Apart of being this model more or less appropriate, I'm very interested in finding the way to calculate the number of parameters of an additive model: do you know how can I do it (or any reference about this issue)?

Thanks again

Simone

[dhewitt]

Additivity is more than just knowing that the three factors should be in the model. The structure you are using implies a particular design matrix, so it is just a caution about knowing the details of the model you are fitting. One thing that stands out in your descriptions is that session is nested in time.

For me, the best way to understand the model is to sketch out what you expect the estimates to look like according to the structure. Additive models can be tricky, at least to me. The sketching of the estimates according to your factors is also handy for parameter counting. There are established formula based on groups and time for standard CJS models. For example, with 2 groups and 10 occasions, the number of theoretically estimable parameters is: 2*2[the no. of groups]+(10[the no. of occasions]-2) = 12. Without a clearer understanding of your model structure, I can't tell how to count the parameters in your model.

[simone77]

Hi,

I append the design matrix of this model in another, more explicit, post whose subject is "how many parameters" in this forum. You can see it there to better understand the model structure.
Anyway I would like to take the opportunity to discuss something inherent this subject by means of the example you did. I don't understand the model you are considering for your example. If it would be a CJS (fully dependent) mode with two groups and 10 occasions I calculate 34 estimable parameters.
In fact, considering the saturated encounter history for each group (1111111111) as suggested in 4-61 of the last version of Gentle Mark Introduction for CJS model {Phi(t) P(t)}, it would have this probability:

Phi(1)P(2) Phi(2)P(3) Phi(3)P(4) Phi(4)P(5) Phi(5)P(6) Phi(6)P(7) Phi(7)P(8) Phi(8)P(9) Beta(10)
(Unfortunately the 8th survival and recapture rate are black glass smiles!)

Where:

Beta(10)=Phi(9)P10 that are each one an unestimable parameter.

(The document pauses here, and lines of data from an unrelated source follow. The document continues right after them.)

section \<open>The algebra FI(P)\<close>

lemma conv_FI:
  assumes f: "f \<in> FI" and g: "g \<in> FI"
  shows "conv f g \<in> FI"
proof (rule FI_intro)
  fix x y :: 'a
  show "\<not> x \<le> y \<Longrightarrow> conv f g x y = 0" unfolding conv_def by simp
  let ?E = "fst ` supp f x y \<union> fst ` supp g x y" and ?F = "snd ` supp f x y \<union> snd ` supp g x y"
  have "supp (conv f g) x y \<subseteq> ?E \<times> ?F"
  proof (clarify)
    fix a b assume "(a, b) \<in> supp (conv f g) x y"
    hence h: "x \<le> a" "a < b" "b \<le> y" "conv f g a b \<noteq> 0" unfolding supp_def by auto
    obtain z where z: "a \<le> z" "z \<le> b" "f a z \<noteq> 0" "g z b \<noteq> 0"
      using conv_nonzero[OF h(4)] by blast
    text \<open>Either the f-step (a,z) or the g-step (z,b) is proper; both lie in [x,y].\<close>
    have "z \<noteq> a \<Longrightarrow> (a, z) \<in> supp f x y" "z \<noteq> b \<Longrightarrow> (z, b) \<in> supp g x y"
      using h z unfolding supp_def by (auto intro: order_trans)
    moreover have "z = a \<Longrightarrow> (a, b) \<in> supp g x y" "z = b \<Longrightarrow> (a, b) \<in> supp f x y"
      using h z unfolding supp_def by auto
    ultimately show "a \<in> ?E \<and> b \<in> ?F" by (cases "z = a"; cases "z = b") force+
  qed
  moreover have "finite (?E \<times> ?F)" using finite_supp[OF f] finite_supp[OF g] by blast
  ultimately show "finite (supp (conv f g) x y)" by (rule finite_subset)
qed

lemma diff_FI:
  assumes "f \<in> FI" "g \<in> FI"
  shows "f - g \<in> FI"
proof (rule FI_intro)
  fix x y :: 'a
  show "\<not> x \<le> y \<Longrightarrow> (f - g) x y = 0" using assms by (simp add: FI_zero)
  have "supp (f - g) x y \<subseteq> supp f x y \<union> supp g x y" unfolding supp_def by auto
  thus "finite (supp (f - g) x y)"
    using finite_supp[OF assms(1)] finite_supp[OF assms(2)] by (auto intro: finite_subset)
qed

lemma delta_FI: "delta \<in> FI"
  by (rule FI_intro) (auto simp: delta_def supp_def)

lemma diag_part_FI: "diag_part f \<in> FI"
  by (rule FI_intro) (auto simp: diag_part_def supp_def)

lemma conv_diag_part_left: "conv (diag_part f) g x y = (if x \<le> y then f x x * g x y else 0)"
  by (subst conv_sum_gen[where T="{x}"]) (auto simp: diag_part_def split: if_splits)

lemma conv_delta_left: "g \<in> FI \<Longrightarrow> conv delta g = g"
  by (intro ext, subst conv_sum_gen[where T="{_}"]) (auto simp: delta_def FI_zero split: if_splits)

lemma conv_delta_right: "g \<in> FI \<Longrightarrow> conv g delta = g"
  by (intro ext, subst conv_sum_gen[where T="{_}"]) (auto simp: delta_def FI_zero split: if_splits)

lemma conv_diagonal: "conv f g x x = f x x * g x x"
  by (subst conv_sum_gen[where T="{x}"]) (auto intro: order_antisym)

lemma conv_row: "(\<And>w. f x w = f' x w) \<Longrightarrow> conv f g x y = conv f' g x y"
  unfolding conv_def by simp

lemma conv_diff_left:
  assumes h: "h \<in> FI"
  shows "conv (f - g) h = conv f h - conv g h"
proof (intro ext)
  fix x y
  have T: "finite (supp_pts h x y)" by (rule finite_supp_pts[OF h])
  note expand = conv_expand_right[OF h T order_refl order_refl]
  show "conv (f - g) h x y = (conv f h - conv g h) x y"
    unfolding fun_diff_def expand
    by (simp add: sum_subtractf[symmetric] left_diff_distrib if_distrib cong: if_cong)
qed

lemma conv_assoc:
  assumes f: "f \<in> FI" and g: "g \<in> FI" and h: "h \<in> FI"
  shows "conv (conv f g) h = conv f (conv g h)"
proof (intro ext)
  fix x y
  define T where "T = supp_pts f x y \<union> supp_pts h x y"
  have T: "finite T" using finite_supp_pts f h T_def by auto
  have Tf: "supp_pts f x y \<subseteq> T" and Th: "supp_pts h x y \<subseteq> T" unfolding T_def by auto
  text \<open>Both sides equal the double sum of f(x,w) g(w,z) h(z,y) over x \<le> w \<le> z \<le> y.\<close>
  let ?t = "\<lambda>w z. if x \<le> w \<and> w \<le> z \<and> z \<le> y then f x w * g w z * h z y else 0"
  have "conv (conv f g) h x y = (\<Sum>z\<in>T. if x \<le> z \<and> z \<le> y then conv f g x z * h z y else 0)"
    by (rule conv_expand_right[OF h T Th order_refl])
  also have "\<dots> = (\<Sum>z\<in>T. \<Sum>w\<in>T. ?t w z)"
  proof (intro sum.cong refl)
    fix z
    show "(if x \<le> z \<and> z \<le> y then conv f g x z * h z y else 0) = (\<Sum>w\<in>T. ?t w z)"
      by (cases "x \<le> z \<and> z \<le> y")
         (auto simp: conv_expand_left[OF f T Tf] sum_distrib_right
               intro!: sum.cong sum.neutral intro: order_trans)
  qed
  also have "\<dots> = (\<Sum>w\<in>T. \<Sum>z\<in>T. ?t w z)" by (rule sum.swap)
  also have "\<dots> = (\<Sum>w\<in>T. if x \<le> w \<and> w \<le> y then f x w * conv g h w y else 0)"
  proof (intro sum.cong refl)
    fix w
    show "(\<Sum>z\<in>T. ?t w z) = (if x \<le> w \<and> w \<le> y then f x w * conv g h w y else 0)"
      by (cases "x \<le> w \<and> w \<le> y")
         (auto simp: conv_expand_right[OF h T Th] sum_distrib_left mult.assoc
               intro!: sum.cong sum.neutral intro: order_trans)
  qed
  also have "\<dots> = conv f (conv g h) x y"
    by (rule conv_expand_left[OF f T Tf order_refl, symmetric])
  finally show "conv (conv f g) h x y = conv f (conv g h) x y" .
qed

section \<open>Series with unit diagonal are invertible\<close>

primrec pw :: "('a::order \<Rightarrow> 'a \<Rightarrow> 'k::field) \<Rightarrow> nat \<Rightarrow> 'a \<Rightarrow> 'a \<Rightarrow> 'k" where
  "pw n 0 = delta"
| "pw n (Suc k) = conv n (pw n k)"

lemma pw_FI: "n \<in> FI \<Longrightarrow> pw n k \<in> FI"
  by (induction k) (auto intro: conv_FI delta_FI)

text \<open>If n vanishes on the diagonal, a nonzero entry of n^k at (x,y) comes from a chain
  x < m_1 < ... < y of k proper steps in the support of n, so supp n x y has at least k
  elements.\<close>

lemma pw_nonzero_chain:
  assumes n: "n \<in> FI" and z: "\<And>x. n x x = 0" and nz: "pw n k x y \<noteq> 0"
  shows "\<exists>S \<subseteq> supp n x y. card S = k"
  using nz
proof (induction k arbitrary: x)
  case 0 thus ?case by auto
next
  case (Suc k)
  have "conv n (pw n k) x y \<noteq> 0" using Suc.prems by simp
  then obtain m where m: "x \<le> m" "m \<le> y" "n x m \<noteq> 0" "pw n k m y \<noteq> 0"
    using conv_nonzero by blast
  have xm: "x < m" using m(1,3) z by (cases "x = m") auto
  obtain S where S: "S \<subseteq> supp n m y" "card S = k" using Suc.IH[OF m(4)] by blast
  have "finite S" using S(1) finite_supp[OF n] finite_subset by blast
  moreover have "(x, m) \<notin> S" using S(1) xm unfolding supp_def by auto
  moreover have "insert (x, m) S \<subseteq> supp n x y"
    using S(1) supp_mono[of x m y y n] m xm unfolding supp_def by auto
  ultimately show ?case using S(2) by (intro exI[of _ "insert (x, m) S"]) simp
qed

The same for the other group (suppose colony A and colony B). So, resuming for each group, there would be:

8 Phi
8 P
1 Beta

That is: 17 parameters for each group. And 34 parameters for the whole model. It is very different from 12 and I suppose you were not talking about CJS because in that case I'm very confused on the way to calculate how many parameters one model has!

Thanks

Simone

[dhewitt]

Simone,

Sorry, I should have been more explicit. You were asking about additive models, so the calculation I gave was for:

Phi(group), p(group+time) = 12 parms

You are correct on the 34 parameters for the full model:

Phi(group*time), p(group*time)

For a model with additive effects on both parameters:

Phi(group+time), p(group+time)

it would be 19 parameters.